31. Add the horizon universal console users.
Log into horizon universal console with legacy authentication method > [Settings] > [General Settings] > My VMware Accounts. Only the accounts added here can use the single sign-on. The additional accounts here need NOT to be the myvmware registered account and not necessarily to be the public (domain) email address. Add active directory user in UPN format. But the user must be the part of Group DN (step#22) or user must be added individually to Workspace ONE directory.
Role Base Access with Enterprise Federation.
If you need to use the role base access (RBAC) like Helpdesk Administrator, Demo Administrator etc. the role need to be defined while adding the account (email address) to HCS tenant.

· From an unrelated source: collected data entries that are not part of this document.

text \<open>A simplicial map \<open>M \<rightarrow> M\<close> is determined by its action on letters, because the outer faces
  of a word are its shorter subwords; in the same way a homotopy \<open>M \<times> \<Delta>[1] \<rightarrow> M\<close> is determined
  by its values on edges. For \<open>\<eta> \<in> N(M)\<close> the words \<open>\<omega>\<^sub>i\<close>, with \<open>\<eta>\<close> multiplied into its
  neighbour, form a homotopy from conjugation \<open>c\<^sub>\<eta>\<close> to the identity, so \<open>c\<^sub>\<eta>\<close> is inner.
  Conversely, a homotopy \<open>F\<close> from \<open>\<alpha>\<close> to the identity evaluated on the degenerate simplices
  \<open>s\<^sub>i w\<close> yields exactly the words \<open>\<omega>\<^sub>i\<close> for \<open>\<eta> = F([\<one>])\<close>, and comparing the inner faces of
  neighbouring ones shows that their products agree; hence \<open>\<eta> \<in> N(M)\<close> and \<open>\<alpha> = c\<^sub>\<eta>\<close>.
  The same recognition principle shows that \<open>N(M)\<close> is closed under products and inverses, so
  \<open>\<eta> \<mapsto> c\<^sub>\<eta>\<close> is a surjective homomorphism \<open>N(M) \<rightarrow> Inn(M)\<close> with kernel \<open>Z(M)\<close>.\<close>

locale pgroup =
  fixes M :: "'a partial_group"
  assumes partial_group: "partial_group M"
begin

abbreviation "D \<equiv> pg_dom M"
abbreviation "C \<equiv> pg_carrier M"
abbreviation "P \<equiv> pg_prod M"
abbreviation "I \<equiv> pg_inv M"
abbreviation "e \<equiv> pg_one M"

definition inv_word :: "'a list \<Rightarrow> 'a list" where
  "inv_word w = rev (map I w)"

lemma
  shows dom_in_carrier: "w \<in> D \<Longrightarrow> set w \<subseteq> C"
    and Nil_in_dom [simp]: "[] \<in> D"
    and singleton_in_dom: "x \<in> C \<Longrightarrow> [x] \<in> D"
    and dom_appendD1: "u @ v \<in> D \<Longrightarrow> u \<in> D"
    and dom_appendD2: "u @ v \<in> D \<Longrightarrow> v \<in> D"
    and prod_in_carrier: "w \<in> D \<Longrightarrow> P w \<in> C"
    and prod_singleton: "x \<in> C \<Longrightarrow> P [x] = x"
    and dom_collapse: "u @ v @ w \<in> D \<Longrightarrow> u @ [P v] @ w \<in> D"
    and prod_collapse: "u @ v @ w \<in> D \<Longrightarrow> P (u @ v @ w) = P (u @ [P v] @ w)"
    and inv_in_carrier: "x \<in> C \<Longrightarrow> I x \<in> C"
    and inv_inv [simp]: "x \<in> C \<Longrightarrow> I (I x) = x"
    and dom_inv_word_append: "w \<in> D \<Longrightarrow> inv_word w @ w \<in> D"
    and prod_inv_word_append: "w \<in> D \<Longrightarrow> P (inv_word w @ w) = e"
  using partial_group unfolding partial_group_def inv_word_def lists_eq_set by blast+

lemma one_in_carrier: "e \<in> C"
  using prod_in_carrier[OF Nil_in_dom] by (simp add: pg_one_def)
lemma local_GB_lm_dvd:
  fixes val :: "'a::field \<Rightarrow> int"
  assumes dvf: "complete_dvf val"
    and F: "\<forall>f\<in>set F. is_poly n f"
    and mo: "monomial_order n mless"
    and H: "\<forall>h\<in>set H. is_poly (Suc n) h \<and> homogeneous (Suc n) h"
    and GB: "is_GB (ord_r0m val n r mless)
               (tate_ideal val (Suc n) (r(n := 0)) (poly_ideal (Suc n) (homog n ` set F))) (set H)"
    and f: "f \<in> tate_ideal val n r (poly_ideal n (set F))" "f \<noteq> zero_series"
  shows "\<exists>g\<in>dehomog n ` set H. g \<noteq> zero_series \<and>
           mono_dvd (lm (ord_rm val n r mless) g) (lm (ord_rm val n r mless) f)"
proof -
  let ?v = "val_r val n r"
  have I: "\<forall>g\<in>poly_ideal n (set F). is_poly n g" using is_poly_poly_ideal[OF F] by blast
  have "tate val n r f" using tate_of_mem_tate_ideal[OF dvf I f(1)] .
  then have supp: "\<forall>\<alpha>. f \<alpha> \<noteq> 0 \<longrightarrow> \<alpha> \<in> {\<alpha>. monoN n \<alpha>}"
    and fin: "\<forall>c. finite {\<gamma>. f \<gamma> \<noteq> 0 \<and> ?v (f \<gamma>) \<gamma> \<le> c}" unfolding tate_def by auto
  obtain \<gamma> where max: "is_max_term (term_less ?v mless) f \<gamma>"
    using ex_is_max_term[where v = ?v, OF strict_total_on_mless[OF mo] supp f(2) fin] by blast
  have lm: "lm (ord_rm val n r mless) f = \<gamma>"
    unfolding ord_rm_eq_term_less by (rule lm_eq_is_max_term[OF strict_total_on_mless[OF mo] supp max])
  have \<gamma>: "monoN n \<gamma>" using supp max unfolding is_max_term_def by blast
  obtain p where p: "p \<in> poly_ideal n (poly_ideal n (set F))" "is_max_term (term_less ?v mless) p \<gamma>"
    using ex_poly_ideal_same_max_term[OF dvf I f(1) max] by blast
  have pp: "is_poly n p" by (rule is_poly_poly_ideal[OF I p(1)])
  obtain C where C: "\<forall>\<alpha>. p \<alpha> \<noteq> 0 \<longrightarrow> mdeg n \<alpha> \<le> C"
    "homog_deg n C p \<in> poly_ideal (Suc n) (poly_ideal (Suc n) (homog n ` set F))"
    using ex_homog_deg_mem_poly_ideal[OF F p(1)] by blast
  have "is_max_term (term_less ?v (deg_mless n mless)) (homog_deg n C p) (lift_deg n C \<gamma>)"
    using is_max_term_homog_deg[OF p(2)] C(1) pp unfolding is_poly_def by blast
  moreover have "homog_deg n C p \<in> tate_ideal val (Suc n) (r(n := 0)) (poly_ideal (Suc n) (homog n ` set F))"
    using C(2) poly_ideal_subset_tate_ideal by blast
  moreover have "\<forall>\<beta>. homog_deg n C p \<beta> \<noteq> 0 \<longrightarrow> monoN (Suc n) \<beta>"
    using homog_deg_nonzeroD(1) by blast
  ultimately obtain h where "h \<in> set H" "dehomog n h \<noteq> zero_series"
    "mono_dvd (lm (ord_rm val n r mless) (dehomog n h)) ((lift_deg n C \<gamma>)(n := 0))"
    using GB_dehomog_lm_dvd[OF mo H GB] by blast
  then show ?thesis using lm lift_deg_fun_upd_0[OF \<gamma>] by auto
qed

theorem mainTheorem6:
  fixes val :: "'a::field \<Rightarrow> int"
    and n :: nat
    and F :: "'a series list"
    and r :: "nat \<Rightarrow> rat"
    and mless :: "mono \<Rightarrow> mono \<Rightarrow> bool"
    and H :: "'a series list"
  assumes "complete_dvf val"
    and "\<forall>f\<in>set F. is_poly n f"
    and "monomial_order n mless"
    and "\<forall>h\<in>set H. is_poly (Suc n) h \<and> homogeneous (Suc n) h \<and>
                    h \<in> poly_ideal (Suc n) (homog n ` set F)"
    and "is_GB (ord_r0m val n r mless)
           (tate_ideal val (Suc n) (r(n := 0)) (poly_ideal (Suc n) (homog n ` set F))) (set H)"
  shows "is_local_GB val n r mless (poly_ideal n (set F)) (dehomog n ` set H)"
proof -
  have H: "\<forall>h\<in>set H. is_poly (Suc n) h \<and> homogeneous (Suc n) h" using assms(4) by blast
  have in_ideal: "dehomog n ` set H \<subseteq> poly_ideal n (set F)"
    using dehomog_mem_poly_ideal[OF assms(2)] assms(4) by blast
  moreover have "dehomog n ` set H \<subseteq> tate_ideal val n r (poly_ideal n (set F))"
    using in_ideal assms(4) by (auto intro!: mem_tate_ideal is_poly_dehomog)
  ultimately show ?thesis
    unfolding is_local_GB_def is_GB_def using local_GB_lm_dvd[OF assms(1-3) H assms(5)] by blast
qed

end
(* Suppose $U\subseteq\mathbb{H}^d$ is $r$-connected and has subexponential growth. Then $U$ is a quasi-convex quasi-tree. Specifically, there is some $s=s(r)$ such that for every sequence $x=x_0,x_1,\dots,x_m=y$ in $U$ with $d(x_i,x_{i+1})\leq r$ for all $0\leq i<m$, and every point $p$ on the geodesic $[x,y]$, some $x_i$ is within distance $s$ of $p$.
   Context: $U$ is $r$-connected if any two points of $U$ are joined by a sequence in $U$ with consecutive distances $\leq r$. $U$ has subexponential growth if $\lim_{t\to\infty}\frac1t\log\sup_{u\in U}|U\cap B(u,t)|=0$ (for $U$ uniformly discrete), with distances in $\mathbb{H}^d$. *)

theory Defs
  imports "HOL-Analysis.Analysis"
begin

text \<open>Hyperbolic space H^d in the Poincare ball model: the open unit ball of a
Euclidean space 'a with d = DIM('a), with the hyperbolic distance.\<close>

definition hyp_space :: "'a::euclidean_space set" where
  "hyp_space = ball 0 1"

definition hdist :: "'a::euclidean_space \<Rightarrow> 'a \<Rightarrow> real" where
  "hdist x y = arcosh (1 + 2 * (norm (x - y))\<^sup>2 / ((1 - (norm x)\<^sup>2) * (1 - (norm y)\<^sup>2)))"

definition hball :: "'a::euclidean_space \<Rightarrow> real \<Rightarrow> 'a set" where
  "hball u t = {v \<in> hyp_space. hdist u v \<le> t}"

text \<open>The geodesic segment [x,y]: union of images of all geodesics from x to y,
i.e. isometric embeddings of [0, d(x,y)] (unique in H^d).\<close>
definition geodesic_seg :: "'a::euclidean_space \<Rightarrow> 'a \<Rightarrow> 'a set" where
  "geodesic_seg x y = \<Union>{\<gamma> ` {0..hdist x y} | \<gamma>.
      \<gamma> 0 = x \<and> \<gamma> (hdist x y) = y \<and>
      (\<forall>s\<in>{0..hdist x y}. \<gamma> s \<in> hyp_space) \<and>
      (\<forall>s\<in>{0..hdist x y}. \<forall>t\<in>{0..hdist x y}. hdist (\<gamma> s) (\<gamma> t) = \<bar>s - t\<bar>)}"
(* For $e\in\mathbf{I}_n(\underline{12}0)$ define its parameters $(p,q)$ by $p=|\{k: e_1\ldots e_nk\in\mathbf{I}_{n+1}(\underline{12}0),\ k>e_n\}|=n-e_n$ and $q=|\{k: e_1\ldots e_nk\in\mathbf{I}_{n+1}(\underline{12}0),\ k\le e_n\}|$. Then the unique element of $\mathbf{I}_1(\underline{12}0)$ has parameters $(1,1)$, and for every $e\in\mathbf{I}_n(\underline{12}0)$ with parameters $(p,q)$, the multiset of parameters of the sequences $e_1\ldots e_nk\in\mathbf{I}_{n+1}(\underline{12}0)$ (over all admissible $k$) is $$\{(p,2),(p-1,3),\ldots,(1,p+1),\ (p+1,q),(p+2,q-1),\ldots,(p+q,1)\}.$$ That is, $\underline{12}0$-avoiding inversion sequences grow according to the succession rule with root $(1,1)$ and $(p,q)\leadsto (p,2),(p-1,3),\ldots,(1,p+1),(p+1,q),(p+2,q-1),\ldots,(p+q,1)$.
   Context: An inversion sequence of length $n$ is $e=e_1\ldots e_n$ with $0\le e_i<i$; $\mathbf{I}_n$ is their set. $\mathbf{I}_n(\underline{12}0)$ is the set of $e\in\mathbf{I}_n$ with no indices $2\le i<j\le n$ such that $e_j<e_{i-1}<e_i$. *)

theory Defs
  imports Main "HOL-Library.Multiset"
begin

text \<open>Inversion sequences are represented as lists of naturals, 0-indexed:
  the paper's e_i is the list entry e ! (i - 1).  The condition 0 \<le> e_i < i
  becomes e ! j < j + 1.\<close>

definition inv_seq :: "nat list \<Rightarrow> bool" where
  "inv_seq e \<longleftrightarrow> (\<forall>j < length e. e ! j < j + 1)"

text \<open>Avoidance of the vincular pattern 120 (underlined 12): no indices
  2 \<le> i < j \<le> n with e_j < e_(i-1) < e_i.  In 0-indexed positions
  i' = i - 1, j' = j - 1 this reads 1 \<le> i' < j' < n.\<close>

definition avoids_120 :: "nat list \<Rightarrow> bool" where
  "avoids_120 e \<longleftrightarrow>
     \<not> (\<exists>i j. 1 \<le> i \<and> i < j \<and> j < length e \<and>
              e ! j < e ! (i - 1) \<and> e ! (i - 1) < e ! i)"

definition I120 :: "nat \<Rightarrow> nat list set" where
  "I120 n = {e. length e = n \<and> inv_seq e \<and> avoids_120 e}"

definition par_p :: "nat list \<Rightarrow> nat" where
  "par_p e = card {k. e @ [k] \<in> I120 (length e + 1) \<and> k > last e}"

definition par_q :: "nat list \<Rightarrow> nat" where
  "par_q e = card {k. e @ [k] \<in> I120 (length e + 1) \<and> k \<le> last e}"

definition params :: "nat list \<Rightarrow> nat \<times> nat" where
  "params e = (par_p e, par_q e)"

end

theory Submission
  imports Defs
begin

text \<open>Appending k to e creates an occurrence of 120 exactly when k lies below the
  bottom e_i of some ascent e_i < e_(i+1) of e.  So the admissible k form the interval
  [m, n], where m is the largest ascent bottom (0 if there is none).  Since e itself avoids
  120, every ascent bottom is at most last e, hence p = n - last e and q = last e + 1 - m.
  Appending k > last e makes last e the new largest ascent bottom, giving the children
  (p, 2), ..., (1, p + 1); appending k \<le> last e keeps m, giving (p + 1, q), ..., (p + q, 1).\<close>

definition ascent_bottoms :: "nat list \<Rightarrow> nat set" where
  "ascent_bottoms e = {e ! i | i. Suc i < length e \<and> e ! i < e ! Suc i}"

definition max_ascent_bottom :: "nat list \<Rightarrow> nat" where
  "max_ascent_bottom e = Max (insert 0 (ascent_bottoms e))"

lemma inv_seq_snoc_iff:
  assumes "inv_seq e"
  shows "inv_seq (e @ [k]) \<longleftrightarrow> k \<le> length e"
  using assms unfolding inv_seq_def
  by (auto simp: nth_append less_Suc_eq dest: spec[of _ "length e"])

lemma avoids_120_snoc_iff:
  assumes av: "avoids_120 e"
  shows "avoids_120 (e @ [k]) \<longleftrightarrow> (\<forall>b \<in> ascent_bottoms e. b \<le> k)"
proof
  assume av_snoc: "avoids_120 (e @ [k])"
  show "\<forall>b \<in> ascent_bottoms e. b \<le> k"
  proof (rule ballI, rule ccontr)
    fix b assume "b \<in> ascent_bottoms e" "\<not> b \<le> k"
    then obtain i where "Suc i < length e" "e ! i < e ! Suc i" "k < e ! i"
      unfolding ascent_bottoms_def by auto
    then have "1 \<le> Suc i \<and> Suc i < length e \<and> length e < length (e @ [k]) \<and>
        (e @ [k]) ! length e < (e @ [k]) ! (Suc i - 1) \<and>
        (e @ [k]) ! (Suc i - 1) < (e @ [k]) ! Suc i"
      by (simp add: nth_append)
    then show False
      using av_snoc unfolding avoids_120_def by blast
  qed
next
  assume bottoms_le: "\<forall>b \<in> ascent_bottoms e. b \<le> k"
  show "avoids_120 (e @ [k])"
    unfolding avoids_120_def
  proof clarify
    fix i j
    assume ij: "1 \<le> i" "i < j" "j < length (e @ [k])"
      and pattern: "(e @ [k]) ! j < (e @ [k]) ! (i - 1)" "(e @ [k]) ! (i - 1) < (e @ [k]) ! i"
    show False
    proof (cases "j < length e")
      case True
      then have "i - 1 < length e" "i < length e" using ij by simp_all
      with True pattern have "e ! j < e ! (i - 1)" "e ! (i - 1) < e ! i"
        by (simp_all add: nth_append)
      with True ij show False
        using av unfolding avoids_120_def by blast
    next
      case False
      then have "j = length e" "i - 1 < length e" "i < length e" using ij by simp_all
      with pattern have "e ! (i - 1) < e ! i" "k < e ! (i - 1)"
        by (simp_all add: nth_append)
      with ij \<open>i < length e\<close> have "e ! (i - 1) \<in> ascent_bottoms e" "k < e ! (i - 1)"
        unfolding ascent_bottoms_def by (auto intro!: exI[of _ "i - 1"])
      then show False using bottoms_le by fastforce
    qed
  qed
qed

lemma finite_ascent_bottoms: "finite (ascent_bottoms e)"
proof -
  have "ascent_bottoms e \<subseteq> (!) e ` {..<length e}"
    unfolding ascent_bottoms_def by auto
  then show ?thesis by (rule finite_subset) simp
qed

lemma max_ascent_bottom_le_iff:
  "max_ascent_bottom e \<le> k \<longleftrightarrow> (\<forall>b \<in> ascent_bottoms e. b \<le> k)"
  unfolding max_ascent_bottom_def using finite_ascent_bottoms by simp

lemma snoc_in_I120_iff:
  assumes "e \<in> I120 n"
  shows "e @ [k] \<in> I120 (Suc n) \<longleftrightarrow> max_ascent_bottom e \<le> k \<and> k \<le> n"
  using assms inv_seq_snoc_iff avoids_120_snoc_iff max_ascent_bottom_le_iff
  unfolding I120_def by auto

lemma admissible_extensions:
  assumes "e \<in> I120 n"
  shows "{k. e @ [k] \<in> I120 (Suc n)} = {max_ascent_bottom e..n}"
  by (simp add: set_eq_iff snoc_in_I120_iff[OF assms])

lemma max_ascent_bottom_le_last:
  assumes av: "avoids_120 e" and "e \<noteq> []"
  shows "max_ascent_bottom e \<le> last e"
  unfolding max_ascent_bottom_le_iff
proof
  define n where "n = length e"
  have last: "last e = e ! (n - 1)" and "n \<ge> 1"
    using \<open>e \<noteq> []\<close> by (auto simp: n_def last_conv_nth Suc_le_eq)
  fix b assume "b \<in> ascent_bottoms e"
  then obtain i where i: "Suc i < n" "e ! i < e ! Suc i" "b = e ! i"
    unfolding ascent_bottoms_def n_def by auto
  show "b \<le> last e"
  proof (cases "Suc i = n - 1")
    case True
    with i last show ?thesis by simp
  next
    case False
    then have "1 \<le> Suc i \<and> Suc i < n - 1 \<and> n - 1 < length e \<and> e ! (Suc i - 1) < e ! Suc i"
      using i \<open>n \<ge> 1\<close> by (simp add: n_def) linarith
    then have "\<not> e ! (n - 1) < e ! i"
      using av unfolding avoids_120_def by fastforce
    with i last show ?thesis by simp
  qed
qed

lemma ascent_bottoms_snoc:
  assumes "e \<noteq> []"
  shows "ascent_bottoms (e @ [k]) =
    (if last e < k then insert (last e) (ascent_bottoms e) else ascent_bottoms e)"
proof (intro set_eqI iffI)
  fix b assume "b \<in> ascent_bottoms (e @ [k])"
  then obtain i where i: "i < length e" "(e @ [k]) ! i < (e @ [k]) ! Suc i" "b = (e @ [k]) ! i"
    unfolding ascent_bottoms_def by auto
  show "b \<in> (if last e < k then insert (last e) (ascent_bottoms e) else ascent_bottoms e)"
  proof (cases "Suc i = length e")
    case True
    then have "last e = e ! i" by (metis assms diff_Suc_1 last_conv_nth)
    with True i have "b = last e" "last e < k" by (auto simp: nth_append)
    then show ?thesis by simp
  next
    case False
    with i have "b \<in> ascent_bottoms e"
      unfolding ascent_bottoms_def by (auto simp: nth_append)
    then show ?thesis by simp
  qed
next
  fix b assume "b \<in> (if last e < k then insert (last e) (ascent_bottoms e) else ascent_bottoms e)"
  then consider "b \<in> ascent_bottoms e" | "last e < k" "b = last e"
    by (auto split: if_splits)
  then show "b \<in> ascent_bottoms (e @ [k])"
  proof cases
    case 1
    then show ?thesis unfolding ascent_bottoms_def by (force simp: nth_append)
  next
    case 2
    then show ?thesis using assms unfolding ascent_bottoms_def
      by (auto simp: nth_append last_conv_nth intro!: exI[of _ "length e - 1"])
  qed
qed

lemma max_ascent_bottom_snoc:
  assumes "e \<noteq> []" "max_ascent_bottom e \<le> last e"
  shows "max_ascent_bottom (e @ [k]) = (if last e < k then last e else max_ascent_bottom e)"
proof (cases "last e < k")
  case True
  have "\<forall>b \<in> ascent_bottoms e. b \<le> last e"
    using assms(2) max_ascent_bottom_le_iff by blast
  with True show ?thesis
    using finite_ascent_bottoms
    unfolding max_ascent_bottom_def ascent_bottoms_snoc[OF assms(1)]
    by (auto intro!: Max_eqI)
next
  case False
  then show ?thesis
    unfolding max_ascent_bottom_def ascent_bottoms_snoc[OF assms(1)] by simp
qed

lemma I120_last_bounds:
  assumes e: "e \<in> I120 n" and "e \<noteq> []"
  shows "max_ascent_bottom e \<le> last e" "last e < n"
proof -
  have "avoids_120 e" using e by (simp add: I120_def)
  then show "max_ascent_bottom e \<le> last e"
    using \<open>e \<noteq> []\<close> by (rule max_ascent_bottom_le_last)
  show "last e < n"
    using e \<open>e \<noteq> []\<close> unfolding I120_def inv_seq_def
    by (auto simp: last_conv_nth dest: spec[of _ "n - 1"])
qed

lemma
  assumes e: "e \<in> I120 n" and "e \<noteq> []"
  shows par_p_eq: "par_p e = n - last e"
    and par_q_eq: "par_q e = Suc (last e) - max_ascent_bottom e"
proof -
  have len: "length e = n" using e by (simp add: I120_def)
  note bounds = I120_last_bounds[OF e \<open>e \<noteq> []\<close>]
  have "{k. e @ [k] \<in> I120 (length e + 1) \<and> k > last e} = {Suc (last e)..n}"
    using bounds unfolding len by (auto simp: snoc_in_I120_iff[OF e])
  then show "par_p e = n - last e" unfolding par_p_def by simp
  have "{k. e @ [k] \<in> I120 (length e + 1) \<and> k \<le> last e} = {max_ascent_bottom e..last e}"
    using bounds unfolding len by (auto simp: snoc_in_I120_iff[OF e])
  then show "par_q e = Suc (last e) - max_ascent_bottom e" unfolding par_q_def by simp
qed

lemma params_snoc:
  assumes e: "e \<in> I120 n" and "e \<noteq> []" and k: "e @ [k] \<in> I120 (Suc n)"
  shows "params (e @ [k]) =
    (Suc n - k, Suc k - (if last e < k then last e else max_ascent_bottom e))"
proof -
  have "max_ascent_bottom (e @ [k]) = (if last e < k then last e else max_ascent_bottom e)"
    using max_ascent_bottom_snoc \<open>e \<noteq> []\<close> I120_last_bounds(1)[OF e \<open>e \<noteq> []\<close>]
    by blast
  then show ?thesis
    using par_p_eq[OF k] par_q_eq[OF k] unfolding params_def by simp
qed

lemma upt_eq_map_add: "[m..<n] = map (\<lambda>i. m + i) [0..<n - m]"
  by (rule nth_equalityI) auto

lemma rev_upt_eq_map_diff: "rev [m..<Suc n] = map (\<lambda>i. n - i) [0..<Suc n - m]"
  by (rule nth_equalityI) (auto simp: rev_nth simp del: upt_Suc)

lemma mset_map_children_params:
  fixes m l n :: nat
  assumes "m \<le> l" "l < n"
  defines "f \<equiv> \<lambda>k. (Suc n - k, Suc k - (if l < k then l else m))"
  shows "mset (map f [m..<Suc n]) =
    mset ([(n - l - i, 2 + i). i \<leftarrow> [0..<n - l]] @
          [(n - l + 1 + i, Suc l - m - i). i \<leftarrow> [0..<Suc l - m]])"
proof -
  have split: "[m..<Suc n] = [m..<Suc l] @ [Suc l..<Suc n]"
    using upt_add_eq_append[of m "Suc l" "n - l"] assms by simp
  have above: "map f [Suc l..<Suc n] = [(n - l - i, 2 + i). i \<leftarrow> [0..<n - l]]"
    unfolding upt_eq_map_add[of "Suc l"] f_def by simp
  have "map f (rev [m..<Suc l]) = map (\<lambda>i. f (l - i)) [0..<Suc l - m]"
    by (simp add: rev_upt_eq_map_diff del: upt_Suc)
  also have "\<dots> = [(n - l + 1 + i, Suc l - m - i). i \<leftarrow> [0..<Suc l - m]]"
    using assms by (intro map_cong) (auto simp: f_def)
  finally have below: "map f (rev [m..<Suc l]) = \<dots>" .
  have "mset (map f [m..<Suc n]) = mset (map f (rev [m..<Suc l])) + mset (map f [Suc l..<Suc n])"
    unfolding split by simp
  then show ?thesis unfolding above below by (simp add: union_commute)
qed

lemma I120_1: "I120 1 = {[0]}"
proof (intro set_eqI iffI)
  fix e :: "nat list" assume "e \<in> I120 1"
  then have "length e = 1" "e ! 0 < 1" unfolding I120_def inv_seq_def by auto
  then show "e \<in> {[0]}" by (cases e) auto
next
  fix e :: "nat list" assume "e \<in> {[0]}"
  then show "e \<in> I120 1" unfolding I120_def inv_seq_def avoids_120_def by auto
qed

lemma params_singleton: "params [0] = (1, 1)"
proof -
  have "[0] \<in> I120 1" unfolding I120_1 by simp
  moreover have "max_ascent_bottom [0] = 0"
    unfolding max_ascent_bottom_def ascent_bottoms_def by simp
  ultimately show ?thesis
    using par_p_eq[of "[0]" 1] par_q_eq[of "[0]" 1] by (simp add: params_def)
qed

lemma image_mset_params_snoc:
  assumes e: "e \<in> I120 n" and "e \<noteq> []"
  shows "image_mset (\<lambda>k. params (e @ [k])) (mset_set {k. e @ [k] \<in> I120 (Suc n)}) =
    mset ([(par_p e - i, 2 + i). i \<leftarrow> [0..<par_p e]]
          @ [(par_p e + 1 + i, par_q e - i). i \<leftarrow> [0..<par_q e]])"
proof -
  define f where "f = (\<lambda>k. (Suc n - k, Suc k - (if last e < k then last e else max_ascent_bottom e)))"
  have "image_mset (\<lambda>k. params (e @ [k])) (mset_set {k. e @ [k] \<in> I120 (Suc n)}) =
      image_mset f (mset_set {max_ascent_bottom e..n})"
    unfolding admissible_extensions[OF e]
    by (rule image_mset_cong) (simp add: f_def params_snoc[OF e \<open>e \<noteq> []\<close>] snoc_in_I120_iff[OF e])
  also have "\<dots> = mset (map f [max_ascent_bottom e..<Suc n])"
    by (simp only: mset_map mset_upt atLeastLessThanSuc_atLeastAtMost)
  also have "\<dots> = mset ([(par_p e - i, 2 + i). i \<leftarrow> [0..<par_p e]]
      @ [(par_p e + 1 + i, par_q e - i). i \<leftarrow> [0..<par_q e]])"
    unfolding par_p_eq[OF e \<open>e \<noteq> []\<close>] par_q_eq[OF e \<open>e \<noteq> []\<close>] f_def
    using I120_last_bounds[OF e \<open>e \<noteq> []\<close>] by (rule mset_map_children_params)
  finally show ?thesis .
qed

theorem proposition3p3:
  shows "I120 1 = {[0]} \<and> params [0] = (1, 1) \<and>
    (\<forall>n \<ge> 1. \<forall>e \<in> I120 n.
       par_p e = n - last e \<and>
       image_mset (\<lambda>k. params (e @ [k])) (mset_set {k. e @ [k] \<in> I120 (n + 1)})
         = mset ([(par_p e - i, 2 + i). i \<leftarrow> [0..<par_p e]]
                 @ [(par_p e + 1 + i, par_q e - i). i \<leftarrow> [0..<par_q e]]))"
proof (intro conjI allI impI ballI)
  show "I120 1 = {[0]}" by (rule I120_1)
  show "params [0] = (1, 1)" by (rule params_singleton)
next
  fix n e assume "1 \<le> n" and e: "e \<in> I120 n"
  then have "e \<noteq> []" unfolding I120_def by auto
  with e show "par_p e = n - last e" by (rule par_p_eq)
  show "image_mset (\<lambda>k. params (e @ [k])) (mset_set {k. e @ [k] \<in> I120 (n + 1)})
      = mset ([(par_p e - i, 2 + i). i \<leftarrow> [0..<par_p e]]
              @ [(par_p e + 1 + i, par_q e - i). i \<leftarrow> [0..<par_q e]])"
    using image_mset_params_snoc[OF e \<open>e \<noteq> []\<close>] by (simp only: Suc_eq_plus1)
qed

end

32. Navigate to [Settings] > [General Settings] > [My VMware Accounts] > Edit and add the account (email address) with proper role under [Current Role] Column. In my case I selected “Customer Helpdesk”.
NOTE: If the Help Desk user account (email address) is registered as customer administrator, system will not allow you to login to Horizon Universal console even you registred the user account (AD User group) as Helpdesk Administrator in “Role and permissions” in next step.
33. Register the user account (AD user Group of Helpdesk admin) to “Help Desk Administrator” under “Role and permissions”.